Using the word "induction" as the filter, copy each matching line from the records.

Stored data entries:

+ + + +

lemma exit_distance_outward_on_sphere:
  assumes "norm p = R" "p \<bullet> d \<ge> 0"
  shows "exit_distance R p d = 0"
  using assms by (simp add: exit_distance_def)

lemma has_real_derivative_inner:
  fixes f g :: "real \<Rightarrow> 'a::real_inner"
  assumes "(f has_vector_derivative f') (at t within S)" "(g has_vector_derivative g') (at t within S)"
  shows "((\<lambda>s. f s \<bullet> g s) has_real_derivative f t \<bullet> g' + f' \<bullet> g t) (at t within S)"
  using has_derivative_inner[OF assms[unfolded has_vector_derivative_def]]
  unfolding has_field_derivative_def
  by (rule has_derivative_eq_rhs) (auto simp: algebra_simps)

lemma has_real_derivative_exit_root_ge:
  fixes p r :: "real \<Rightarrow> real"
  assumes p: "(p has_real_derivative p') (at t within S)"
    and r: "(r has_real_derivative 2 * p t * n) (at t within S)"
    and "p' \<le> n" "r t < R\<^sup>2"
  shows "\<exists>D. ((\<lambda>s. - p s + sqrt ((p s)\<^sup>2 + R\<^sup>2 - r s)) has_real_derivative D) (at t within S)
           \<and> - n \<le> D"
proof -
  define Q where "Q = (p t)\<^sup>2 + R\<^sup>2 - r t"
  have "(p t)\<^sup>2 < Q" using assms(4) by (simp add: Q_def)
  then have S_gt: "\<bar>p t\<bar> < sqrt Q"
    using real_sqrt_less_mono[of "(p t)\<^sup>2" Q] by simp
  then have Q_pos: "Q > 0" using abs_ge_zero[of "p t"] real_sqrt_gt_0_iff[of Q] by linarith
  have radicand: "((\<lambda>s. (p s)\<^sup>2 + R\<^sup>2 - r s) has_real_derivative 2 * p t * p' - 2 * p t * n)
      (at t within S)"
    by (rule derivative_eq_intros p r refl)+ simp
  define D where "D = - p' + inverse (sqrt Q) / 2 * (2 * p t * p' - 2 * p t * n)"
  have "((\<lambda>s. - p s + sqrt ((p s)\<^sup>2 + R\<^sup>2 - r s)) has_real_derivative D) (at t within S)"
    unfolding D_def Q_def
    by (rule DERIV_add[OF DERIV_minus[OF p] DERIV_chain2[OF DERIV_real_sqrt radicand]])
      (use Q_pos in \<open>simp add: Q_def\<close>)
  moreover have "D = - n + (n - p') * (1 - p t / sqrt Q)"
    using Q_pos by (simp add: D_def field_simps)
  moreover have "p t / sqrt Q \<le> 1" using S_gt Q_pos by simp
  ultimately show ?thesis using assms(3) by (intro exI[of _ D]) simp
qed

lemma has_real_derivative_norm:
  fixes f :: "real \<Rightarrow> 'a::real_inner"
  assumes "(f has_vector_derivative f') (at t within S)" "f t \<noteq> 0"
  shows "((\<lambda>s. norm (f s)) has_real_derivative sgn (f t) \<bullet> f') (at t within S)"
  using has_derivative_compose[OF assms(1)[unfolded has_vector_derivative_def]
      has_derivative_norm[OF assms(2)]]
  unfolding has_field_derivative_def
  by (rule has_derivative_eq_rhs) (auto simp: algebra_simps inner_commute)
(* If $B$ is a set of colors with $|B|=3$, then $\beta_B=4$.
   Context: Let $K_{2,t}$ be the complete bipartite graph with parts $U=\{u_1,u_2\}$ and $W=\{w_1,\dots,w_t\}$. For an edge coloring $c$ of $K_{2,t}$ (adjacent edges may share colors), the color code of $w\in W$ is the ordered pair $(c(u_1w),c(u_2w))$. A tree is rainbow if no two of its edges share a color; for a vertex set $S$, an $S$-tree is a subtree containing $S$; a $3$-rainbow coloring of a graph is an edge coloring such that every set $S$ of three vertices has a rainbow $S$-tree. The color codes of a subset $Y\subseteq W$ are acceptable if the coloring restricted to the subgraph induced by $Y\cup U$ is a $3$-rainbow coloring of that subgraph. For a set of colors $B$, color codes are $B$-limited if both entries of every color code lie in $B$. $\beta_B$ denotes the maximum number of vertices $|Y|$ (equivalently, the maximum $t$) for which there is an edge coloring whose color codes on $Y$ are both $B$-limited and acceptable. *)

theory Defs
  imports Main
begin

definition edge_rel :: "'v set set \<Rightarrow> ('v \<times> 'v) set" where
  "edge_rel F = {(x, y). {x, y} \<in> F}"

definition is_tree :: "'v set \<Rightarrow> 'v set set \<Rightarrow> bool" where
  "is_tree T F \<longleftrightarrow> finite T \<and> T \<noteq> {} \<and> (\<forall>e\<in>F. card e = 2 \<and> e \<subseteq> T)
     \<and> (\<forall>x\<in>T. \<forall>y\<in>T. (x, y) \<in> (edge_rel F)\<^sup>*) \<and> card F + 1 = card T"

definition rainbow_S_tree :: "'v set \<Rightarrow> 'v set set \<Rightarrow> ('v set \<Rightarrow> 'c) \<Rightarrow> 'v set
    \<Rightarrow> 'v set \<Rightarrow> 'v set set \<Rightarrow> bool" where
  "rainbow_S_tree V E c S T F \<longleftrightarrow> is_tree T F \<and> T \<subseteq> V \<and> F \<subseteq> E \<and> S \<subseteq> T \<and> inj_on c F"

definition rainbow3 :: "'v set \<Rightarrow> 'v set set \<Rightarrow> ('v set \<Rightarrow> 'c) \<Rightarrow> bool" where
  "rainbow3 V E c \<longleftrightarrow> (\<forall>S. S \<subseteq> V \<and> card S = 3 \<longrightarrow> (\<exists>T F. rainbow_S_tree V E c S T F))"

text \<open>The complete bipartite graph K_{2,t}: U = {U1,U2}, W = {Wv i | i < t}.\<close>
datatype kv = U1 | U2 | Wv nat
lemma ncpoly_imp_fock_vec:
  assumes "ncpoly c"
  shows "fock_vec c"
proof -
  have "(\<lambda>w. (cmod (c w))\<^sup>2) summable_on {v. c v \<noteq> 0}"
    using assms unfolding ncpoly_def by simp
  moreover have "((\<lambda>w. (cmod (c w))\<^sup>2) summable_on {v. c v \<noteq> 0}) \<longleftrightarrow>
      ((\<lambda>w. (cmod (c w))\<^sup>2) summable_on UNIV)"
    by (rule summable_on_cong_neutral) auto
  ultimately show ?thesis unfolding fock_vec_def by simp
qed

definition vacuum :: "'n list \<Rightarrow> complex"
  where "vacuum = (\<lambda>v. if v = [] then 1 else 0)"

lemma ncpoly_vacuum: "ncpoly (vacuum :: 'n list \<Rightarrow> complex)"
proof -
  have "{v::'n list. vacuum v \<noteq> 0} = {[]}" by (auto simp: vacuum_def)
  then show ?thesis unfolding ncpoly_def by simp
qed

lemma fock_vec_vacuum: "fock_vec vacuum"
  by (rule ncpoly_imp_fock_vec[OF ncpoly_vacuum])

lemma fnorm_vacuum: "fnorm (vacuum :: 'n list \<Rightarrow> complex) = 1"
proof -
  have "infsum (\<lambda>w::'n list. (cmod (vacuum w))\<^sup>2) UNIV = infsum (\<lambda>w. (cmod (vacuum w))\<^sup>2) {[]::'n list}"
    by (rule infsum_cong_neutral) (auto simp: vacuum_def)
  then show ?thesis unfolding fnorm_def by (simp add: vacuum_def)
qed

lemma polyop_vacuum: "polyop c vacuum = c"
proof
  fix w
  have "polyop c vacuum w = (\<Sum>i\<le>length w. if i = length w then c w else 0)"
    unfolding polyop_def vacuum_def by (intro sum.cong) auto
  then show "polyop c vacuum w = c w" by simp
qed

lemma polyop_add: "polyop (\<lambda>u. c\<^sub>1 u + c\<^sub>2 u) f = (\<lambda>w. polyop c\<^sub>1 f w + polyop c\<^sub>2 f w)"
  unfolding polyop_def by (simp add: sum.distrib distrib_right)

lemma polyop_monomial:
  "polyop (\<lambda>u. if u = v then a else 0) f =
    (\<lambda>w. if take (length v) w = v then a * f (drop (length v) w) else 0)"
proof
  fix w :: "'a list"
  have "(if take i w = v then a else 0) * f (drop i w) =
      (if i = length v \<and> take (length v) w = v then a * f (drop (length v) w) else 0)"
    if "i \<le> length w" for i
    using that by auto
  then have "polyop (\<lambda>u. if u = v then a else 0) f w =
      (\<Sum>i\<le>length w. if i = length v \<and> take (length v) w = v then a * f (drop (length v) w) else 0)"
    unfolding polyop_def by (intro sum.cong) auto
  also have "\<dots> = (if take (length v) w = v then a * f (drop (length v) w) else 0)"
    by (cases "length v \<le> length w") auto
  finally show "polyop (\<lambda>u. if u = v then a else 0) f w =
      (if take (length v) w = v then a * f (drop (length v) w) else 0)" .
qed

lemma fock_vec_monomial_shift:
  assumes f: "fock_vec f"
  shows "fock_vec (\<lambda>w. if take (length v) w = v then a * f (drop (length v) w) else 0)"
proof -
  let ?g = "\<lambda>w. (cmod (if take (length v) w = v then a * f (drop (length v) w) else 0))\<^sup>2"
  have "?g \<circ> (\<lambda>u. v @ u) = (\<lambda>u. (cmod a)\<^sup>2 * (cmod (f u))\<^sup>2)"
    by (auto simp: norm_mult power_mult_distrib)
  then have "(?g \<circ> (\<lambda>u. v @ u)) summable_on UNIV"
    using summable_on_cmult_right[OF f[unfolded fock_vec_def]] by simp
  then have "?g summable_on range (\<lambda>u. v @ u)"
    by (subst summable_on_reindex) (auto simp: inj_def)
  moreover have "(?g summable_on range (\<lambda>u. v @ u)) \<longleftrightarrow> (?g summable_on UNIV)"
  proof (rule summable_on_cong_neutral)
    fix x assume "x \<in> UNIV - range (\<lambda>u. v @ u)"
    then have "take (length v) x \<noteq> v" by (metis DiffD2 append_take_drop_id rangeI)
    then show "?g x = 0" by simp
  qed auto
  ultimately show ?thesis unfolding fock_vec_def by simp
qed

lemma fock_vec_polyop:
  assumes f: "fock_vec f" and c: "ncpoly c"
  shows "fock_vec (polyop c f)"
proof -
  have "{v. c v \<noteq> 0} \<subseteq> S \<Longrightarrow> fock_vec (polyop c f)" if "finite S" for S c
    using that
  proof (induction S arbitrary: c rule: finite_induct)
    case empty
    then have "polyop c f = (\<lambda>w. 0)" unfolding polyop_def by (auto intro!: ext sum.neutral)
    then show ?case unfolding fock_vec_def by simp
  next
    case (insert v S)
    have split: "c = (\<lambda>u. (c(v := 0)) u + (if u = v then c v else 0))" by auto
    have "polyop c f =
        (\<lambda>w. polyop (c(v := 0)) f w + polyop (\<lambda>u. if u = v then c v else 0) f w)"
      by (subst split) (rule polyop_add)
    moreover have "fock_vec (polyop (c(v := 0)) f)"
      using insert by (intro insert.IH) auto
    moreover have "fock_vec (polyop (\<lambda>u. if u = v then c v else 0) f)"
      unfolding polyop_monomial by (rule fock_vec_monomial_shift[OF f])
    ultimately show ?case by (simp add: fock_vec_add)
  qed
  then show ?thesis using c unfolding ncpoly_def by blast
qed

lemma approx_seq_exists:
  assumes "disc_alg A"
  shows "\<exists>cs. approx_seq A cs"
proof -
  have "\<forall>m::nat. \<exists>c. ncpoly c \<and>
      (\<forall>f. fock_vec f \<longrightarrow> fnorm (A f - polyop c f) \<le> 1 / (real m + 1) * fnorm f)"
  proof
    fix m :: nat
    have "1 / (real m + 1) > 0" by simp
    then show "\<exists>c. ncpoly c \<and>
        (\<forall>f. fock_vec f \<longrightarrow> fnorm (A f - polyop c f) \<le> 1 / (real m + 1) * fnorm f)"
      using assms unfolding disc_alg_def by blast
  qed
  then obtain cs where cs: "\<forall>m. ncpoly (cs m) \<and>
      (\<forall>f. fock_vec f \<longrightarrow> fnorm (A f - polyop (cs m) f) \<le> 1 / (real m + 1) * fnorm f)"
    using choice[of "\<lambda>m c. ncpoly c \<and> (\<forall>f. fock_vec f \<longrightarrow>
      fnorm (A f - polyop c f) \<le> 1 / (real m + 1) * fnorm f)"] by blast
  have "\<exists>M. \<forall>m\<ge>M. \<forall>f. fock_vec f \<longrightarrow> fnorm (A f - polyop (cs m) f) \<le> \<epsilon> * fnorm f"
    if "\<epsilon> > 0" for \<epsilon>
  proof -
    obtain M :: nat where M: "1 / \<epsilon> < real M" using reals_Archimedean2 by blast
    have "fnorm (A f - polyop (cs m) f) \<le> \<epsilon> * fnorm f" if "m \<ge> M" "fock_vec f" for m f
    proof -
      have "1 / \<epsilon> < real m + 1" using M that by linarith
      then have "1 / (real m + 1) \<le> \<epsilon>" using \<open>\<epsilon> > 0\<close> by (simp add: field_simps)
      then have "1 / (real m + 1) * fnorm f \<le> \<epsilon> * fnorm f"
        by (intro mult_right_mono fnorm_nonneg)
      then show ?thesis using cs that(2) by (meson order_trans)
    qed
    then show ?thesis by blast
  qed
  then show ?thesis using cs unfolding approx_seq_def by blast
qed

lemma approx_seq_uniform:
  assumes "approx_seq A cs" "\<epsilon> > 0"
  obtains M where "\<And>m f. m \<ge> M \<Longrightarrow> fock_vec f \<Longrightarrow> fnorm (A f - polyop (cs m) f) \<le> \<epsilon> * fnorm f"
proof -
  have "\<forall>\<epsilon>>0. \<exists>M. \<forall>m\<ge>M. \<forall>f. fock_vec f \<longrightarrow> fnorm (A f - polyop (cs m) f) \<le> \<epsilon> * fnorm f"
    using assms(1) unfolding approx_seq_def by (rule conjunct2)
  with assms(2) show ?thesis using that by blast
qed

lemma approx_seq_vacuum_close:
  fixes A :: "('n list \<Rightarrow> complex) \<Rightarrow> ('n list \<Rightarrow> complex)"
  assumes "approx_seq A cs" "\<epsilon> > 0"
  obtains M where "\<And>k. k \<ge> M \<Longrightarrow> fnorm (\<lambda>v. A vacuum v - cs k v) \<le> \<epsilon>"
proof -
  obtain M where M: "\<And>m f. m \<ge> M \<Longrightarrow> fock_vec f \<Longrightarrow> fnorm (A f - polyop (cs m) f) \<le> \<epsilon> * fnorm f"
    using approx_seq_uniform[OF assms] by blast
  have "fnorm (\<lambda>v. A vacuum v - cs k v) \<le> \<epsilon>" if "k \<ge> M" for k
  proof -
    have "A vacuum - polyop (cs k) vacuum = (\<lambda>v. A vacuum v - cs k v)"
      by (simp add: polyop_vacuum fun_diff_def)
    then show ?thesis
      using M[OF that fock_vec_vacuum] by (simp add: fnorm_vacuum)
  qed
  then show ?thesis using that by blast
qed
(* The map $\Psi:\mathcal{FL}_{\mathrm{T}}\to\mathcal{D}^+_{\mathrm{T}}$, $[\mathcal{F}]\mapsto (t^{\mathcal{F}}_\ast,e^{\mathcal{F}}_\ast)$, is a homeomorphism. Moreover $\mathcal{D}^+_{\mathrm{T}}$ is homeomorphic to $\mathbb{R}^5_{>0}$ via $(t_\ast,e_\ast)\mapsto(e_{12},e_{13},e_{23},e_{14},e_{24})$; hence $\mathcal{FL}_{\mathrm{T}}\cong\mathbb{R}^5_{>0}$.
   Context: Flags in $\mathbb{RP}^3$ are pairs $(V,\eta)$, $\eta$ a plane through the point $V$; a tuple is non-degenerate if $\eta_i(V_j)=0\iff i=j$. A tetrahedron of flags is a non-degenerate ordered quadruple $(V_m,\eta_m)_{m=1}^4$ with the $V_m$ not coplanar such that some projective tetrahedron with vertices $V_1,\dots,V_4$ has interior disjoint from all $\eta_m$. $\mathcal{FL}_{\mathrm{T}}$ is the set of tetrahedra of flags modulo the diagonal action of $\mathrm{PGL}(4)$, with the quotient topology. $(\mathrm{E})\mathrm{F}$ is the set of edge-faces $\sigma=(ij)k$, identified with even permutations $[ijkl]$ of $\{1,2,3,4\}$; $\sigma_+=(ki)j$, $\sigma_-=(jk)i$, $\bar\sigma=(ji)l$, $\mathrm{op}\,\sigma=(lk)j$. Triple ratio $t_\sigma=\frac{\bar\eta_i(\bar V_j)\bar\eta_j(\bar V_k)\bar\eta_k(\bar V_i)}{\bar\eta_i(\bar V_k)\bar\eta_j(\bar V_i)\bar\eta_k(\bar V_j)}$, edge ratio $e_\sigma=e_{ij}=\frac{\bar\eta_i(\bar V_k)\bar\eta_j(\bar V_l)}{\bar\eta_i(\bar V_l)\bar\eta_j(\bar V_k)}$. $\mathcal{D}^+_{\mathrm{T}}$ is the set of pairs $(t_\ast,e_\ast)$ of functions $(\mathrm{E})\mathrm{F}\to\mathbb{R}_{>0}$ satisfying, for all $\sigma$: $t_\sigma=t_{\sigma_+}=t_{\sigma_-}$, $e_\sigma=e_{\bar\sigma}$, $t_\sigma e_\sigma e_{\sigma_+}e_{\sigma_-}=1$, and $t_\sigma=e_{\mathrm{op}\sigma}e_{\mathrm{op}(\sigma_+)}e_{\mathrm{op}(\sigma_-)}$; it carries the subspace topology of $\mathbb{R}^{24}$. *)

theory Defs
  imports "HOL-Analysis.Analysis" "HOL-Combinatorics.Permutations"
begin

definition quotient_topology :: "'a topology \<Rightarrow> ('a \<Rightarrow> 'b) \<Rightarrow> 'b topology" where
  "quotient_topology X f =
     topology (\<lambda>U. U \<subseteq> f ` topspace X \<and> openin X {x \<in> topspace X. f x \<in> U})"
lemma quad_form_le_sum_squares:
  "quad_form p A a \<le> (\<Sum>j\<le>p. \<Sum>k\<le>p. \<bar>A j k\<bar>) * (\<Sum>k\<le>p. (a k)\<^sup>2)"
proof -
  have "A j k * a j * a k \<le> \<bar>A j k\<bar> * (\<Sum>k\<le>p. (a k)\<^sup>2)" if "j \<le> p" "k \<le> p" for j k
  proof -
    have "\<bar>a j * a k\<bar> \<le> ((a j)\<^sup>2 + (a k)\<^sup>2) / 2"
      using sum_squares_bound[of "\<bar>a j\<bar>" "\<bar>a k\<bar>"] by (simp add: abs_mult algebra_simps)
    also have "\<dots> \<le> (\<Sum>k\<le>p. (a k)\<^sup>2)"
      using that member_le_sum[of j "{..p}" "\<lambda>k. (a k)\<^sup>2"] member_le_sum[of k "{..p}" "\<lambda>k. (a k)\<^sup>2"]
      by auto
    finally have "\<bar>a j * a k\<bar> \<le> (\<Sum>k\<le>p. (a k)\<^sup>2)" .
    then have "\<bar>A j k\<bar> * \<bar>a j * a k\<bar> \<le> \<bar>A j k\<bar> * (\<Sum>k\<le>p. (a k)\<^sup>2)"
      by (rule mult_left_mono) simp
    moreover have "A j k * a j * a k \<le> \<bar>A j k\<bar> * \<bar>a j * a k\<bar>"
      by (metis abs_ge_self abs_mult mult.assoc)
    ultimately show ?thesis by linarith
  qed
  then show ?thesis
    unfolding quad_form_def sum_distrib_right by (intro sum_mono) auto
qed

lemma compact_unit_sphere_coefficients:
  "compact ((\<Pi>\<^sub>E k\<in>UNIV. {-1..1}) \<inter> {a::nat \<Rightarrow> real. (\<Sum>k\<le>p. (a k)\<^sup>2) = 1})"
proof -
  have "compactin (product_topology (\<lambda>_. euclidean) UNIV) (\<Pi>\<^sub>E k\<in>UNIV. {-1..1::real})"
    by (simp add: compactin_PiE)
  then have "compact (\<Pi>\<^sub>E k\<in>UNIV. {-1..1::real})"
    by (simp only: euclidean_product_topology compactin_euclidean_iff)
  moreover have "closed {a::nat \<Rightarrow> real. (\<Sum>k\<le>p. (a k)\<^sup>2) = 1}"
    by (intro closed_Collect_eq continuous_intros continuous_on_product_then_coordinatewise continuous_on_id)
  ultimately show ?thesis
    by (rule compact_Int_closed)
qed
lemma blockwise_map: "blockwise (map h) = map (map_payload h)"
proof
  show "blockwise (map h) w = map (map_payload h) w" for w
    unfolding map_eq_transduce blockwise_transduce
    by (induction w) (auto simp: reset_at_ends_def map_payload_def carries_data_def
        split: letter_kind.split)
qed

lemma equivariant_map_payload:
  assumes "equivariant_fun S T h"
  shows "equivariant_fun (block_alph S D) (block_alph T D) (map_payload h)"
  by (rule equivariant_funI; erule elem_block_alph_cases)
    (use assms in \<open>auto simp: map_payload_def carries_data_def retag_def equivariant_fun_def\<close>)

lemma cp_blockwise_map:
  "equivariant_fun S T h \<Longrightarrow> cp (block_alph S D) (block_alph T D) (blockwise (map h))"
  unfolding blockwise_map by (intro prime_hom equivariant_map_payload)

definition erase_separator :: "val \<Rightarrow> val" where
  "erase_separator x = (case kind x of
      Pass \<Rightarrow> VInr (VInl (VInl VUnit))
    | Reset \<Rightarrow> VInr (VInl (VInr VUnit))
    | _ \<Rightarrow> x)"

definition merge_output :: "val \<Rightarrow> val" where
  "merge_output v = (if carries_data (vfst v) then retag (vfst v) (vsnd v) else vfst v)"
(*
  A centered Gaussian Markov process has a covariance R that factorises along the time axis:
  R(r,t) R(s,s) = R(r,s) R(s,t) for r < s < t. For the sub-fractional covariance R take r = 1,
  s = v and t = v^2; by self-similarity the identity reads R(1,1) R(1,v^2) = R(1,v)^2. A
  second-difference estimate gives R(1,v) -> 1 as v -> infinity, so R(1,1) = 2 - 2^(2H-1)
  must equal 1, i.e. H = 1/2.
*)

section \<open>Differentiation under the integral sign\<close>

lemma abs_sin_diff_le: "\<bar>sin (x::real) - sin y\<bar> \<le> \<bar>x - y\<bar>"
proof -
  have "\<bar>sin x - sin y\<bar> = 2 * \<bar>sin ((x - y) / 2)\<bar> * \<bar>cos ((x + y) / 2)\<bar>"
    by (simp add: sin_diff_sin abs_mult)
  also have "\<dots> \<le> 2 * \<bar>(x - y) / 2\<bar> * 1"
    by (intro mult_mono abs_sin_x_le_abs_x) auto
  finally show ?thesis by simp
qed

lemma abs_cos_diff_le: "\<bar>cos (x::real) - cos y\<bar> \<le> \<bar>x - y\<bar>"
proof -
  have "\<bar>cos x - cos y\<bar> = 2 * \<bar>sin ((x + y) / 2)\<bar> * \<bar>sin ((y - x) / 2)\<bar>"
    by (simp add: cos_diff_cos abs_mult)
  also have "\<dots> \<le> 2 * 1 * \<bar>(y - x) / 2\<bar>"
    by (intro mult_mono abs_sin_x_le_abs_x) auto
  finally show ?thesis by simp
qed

+ + + +

**TASK OUTPUT:**
  proof (induction S arbitrary: c rule: finite_induct)
    by (induction w) (auto simp: reset_at_ends_def map_payload_def carries_data_def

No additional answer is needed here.